Gilman M. Hammond, of Hammond & Holman, Pinellas Park, Parker & Battaglia, St. Petersburg, for appellee.

LILES, Acting Chief Judge.

Appellant, defendant below, appeals an adverse judgment rendered by the Circuit Court in favor of appellee in the amount of $9,991.43.

Appellee, plaintiff in the trial court, was involved in a three-way automobile accident with one Renne R. Allred, a resident of Texas, and John L. Lee and his wife. She brought suit against Allred and the Lees which resulted in a jury verdict adverse to plaintiff. On appeal to the District Court of Appeal, First District, the case was reversed and remanded, the court holding that the trial judge erred in denying plaintiff's motion for a directed verdict on the issue of liability. Sheehan v. Allred, 146 So.2d 760 (D.C.A.Fla.1962). A new trial was scheduled, and Allred was notified of this fact by counsel retained by appellant insurance company to represent him. He those not to appear at this trial, and a motion by appellant's counsel to withdraw as counsel of record for Allred was granted by the trial court. Plaintiff subsequently obtained a judgment against Allred. Plaintiff then brought suit against appellant to enforce her judgment. The case was heard without a jury, and a final judgment was entered against appellant.

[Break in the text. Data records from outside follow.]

lemma det_on_Un_block_triangular:
  assumes "finite S1" "finite S2" "S1 \<inter> S2 = {}"
    and zero: "\<And>x y. x \<in> S1 \<Longrightarrow> y \<in> S2 \<Longrightarrow> M x y = 0"
  shows "det_on (S1 \<union> S2) M = det_on S1 M * det_on S2 M"
proof -
  obtain h1 where h1: "bij_betw h1 {0..<card S1} S1"
    using ex_bij_betw_nat_finite[OF assms(1)] by blast
  obtain h2 where h2: "bij_betw h2 {0..<card S2} S2"
    using ex_bij_betw_nat_finite[OF assms(2)] by blast
  have "mat (card S1) (card S2) (\<lambda>(i, j). M (h1 i) (h2 j)) = 0\<^sub>m (card S1) (card S2)"
    using bij_betwE[OF h1] bij_betwE[OF h2] by (intro eq_matI) (auto intro!: zero)
  then show ?thesis
    unfolding det_on_Un_eq_det_four_block[OF h1 h2 assms(3)] det_on_eq_det[OF h1] det_on_eq_det[OF h2]
    by (intro det_four_block_mat_upper_right_zero) auto
qed

lemma det_on_UN_block_diagonal:
  assumes "finite I" "\<And>i. i \<in> I \<Longrightarrow> finite (B i)"
    and "\<And>i j. i \<in> I \<Longrightarrow> j \<in> I \<Longrightarrow> i \<noteq> j \<Longrightarrow> B i \<inter> B j = {}"
    and "\<And>i j x y. i \<in> I \<Longrightarrow> j \<in> I \<Longrightarrow> i \<noteq> j \<Longrightarrow> x \<in> B i \<Longrightarrow> y \<in> B j \<Longrightarrow> M x y = 0"
  shows "det_on (\<Union>i\<in>I. B i) M = (\<Prod>i\<in>I. det_on (B i) M)"
  using assms
proof (induction I rule: finite_induct)
  case empty
  then show ?case by (simp add: det_on_def permutes_empty)
next
  case (insert i I)
  have "det_on (\<Union>k\<in>insert i I. B k) M = det_on (B i \<union> (\<Union>k\<in>I. B k)) M"
    by simp
  also have "\<dots> = det_on (B i) M * det_on (\<Union>k\<in>I. B k) M"
    by (rule det_on_Un_block_triangular) (use insert in \<open>auto intro: insert.prems(3)\<close>)
  also have "det_on (\<Union>k\<in>I. B k) M = (\<Prod>k\<in>I. det_on (B k) M)"
    by (rule insert.IH; meson insert.prems insertCI)
  finally show ?case
    using insert.hyps by simp
qed

lemma det_on_one_minus_mult_commute:
  assumes S: "finite S" and R: "finite R"
  shows "det_on S (\<lambda>x y. (if x = y then 1 else 0) - (\<Sum>z\<in>R. A x z * B z y))
       = det_on R (\<lambda>x y. (if x = y then 1 else 0) - (\<Sum>z\<in>S. B x z * A z y))"
proof -
  obtain h where h: "bij_betw h {0..<card S} S"
    using ex_bij_betw_nat_finite[OF S] by blast
  obtain g where g: "bij_betw g {0..<card R} R"
    using ex_bij_betw_nat_finite[OF R] by blast
  let ?n = "card S" and ?m = "card R"
  let ?A = "mat ?n ?m (\<lambda>(i, j). A (h i) (g j))"
  let ?B = "mat ?m ?n (\<lambda>(i, j). B (g i) (h j))"
  have "mat ?n ?n (\<lambda>(i, j). (if h i = h j then 1 else 0) - (\<Sum>z\<in>R. A (h i) z * B z (h j)))
      = 1\<^sub>m ?n - ?A * ?B"
    using inj_on_eq_iff[OF bij_betw_imp_inj_on[OF h]]
    by (intro eq_matI) (auto simp: scalar_prod_def sum.reindex_bij_betw[OF g, symmetric])
  moreover have "mat ?m ?m (\<lambda>(i, j). (if g i = g j then 1 else 0) - (\<Sum>z\<in>S. B (g i) z * A z (g j)))
      = 1\<^sub>m ?m - ?B * ?A"
    using inj_on_eq_iff[OF bij_betw_imp_inj_on[OF g]]
    by (intro eq_matI) (auto simp: scalar_prod_def sum.reindex_bij_betw[OF h, symmetric])
  moreover have "det (1\<^sub>m ?n - ?A * ?B) = det (1\<^sub>m ?m - ?B * ?A)"
    using det_four_block_one_diag[of ?A ?n ?m ?B] by simp
  ultimately show ?thesis
    by (simp add: det_on_eq_det[OF h] det_on_eq_det[OF g])
qed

Appellant argues first that plaintiff's proper remedy was garnishment proceedings in the court where she obtained the judgment against Allred, i.e., in Leon County, and that the Circuit Court for Pinellas County had no jurisdiction to entertain the suit.

The customary procedure when one has obtained a judgment is to pursue execution of that judgment by wa of execution or garnishment. In the instant case, however, plaintiff chose to rely on that part of the insurance contract between appellant and Allred which provides:

'6. Action Against Company--Part I: No action shall lie against the company unless, as a condition precedent thereto, the insured shall have fully complied with all the terms of this policy, nor until the amount of the insured's obligation to pay shall have been finally determined either by judgment against the insured after actual trial or by written agreement of the insured, the claimant and the company.

'Any person or organization or the legal representative thereof who has secured such judgment or written agreement shall thereafter by entitled to recover under this policy to the extent of the insurance afforded by this policy. No person or organization shall have any right under this policy to join the company as a party to any action against the insured to determine the insured's liability, nor shall the company be impleaded by the insured or his legal representative. Bankruptcy or insolvency of the insured or of the insured's estate shall not relieve the company of any of its obligations hereunder.'

We construe the above-quoted section of the policy to provide plaintiff with the remedy of a direct suit against the insurance company, and thus she was not restricted solely to garnishment proceedings. Compare, Auto Mutual Indemnity Co. v. Shaw, 134 Fla. 815, 184 So. 852 (1938). It is of little protection to resident motorists if insurance companies are allowed to enter into such...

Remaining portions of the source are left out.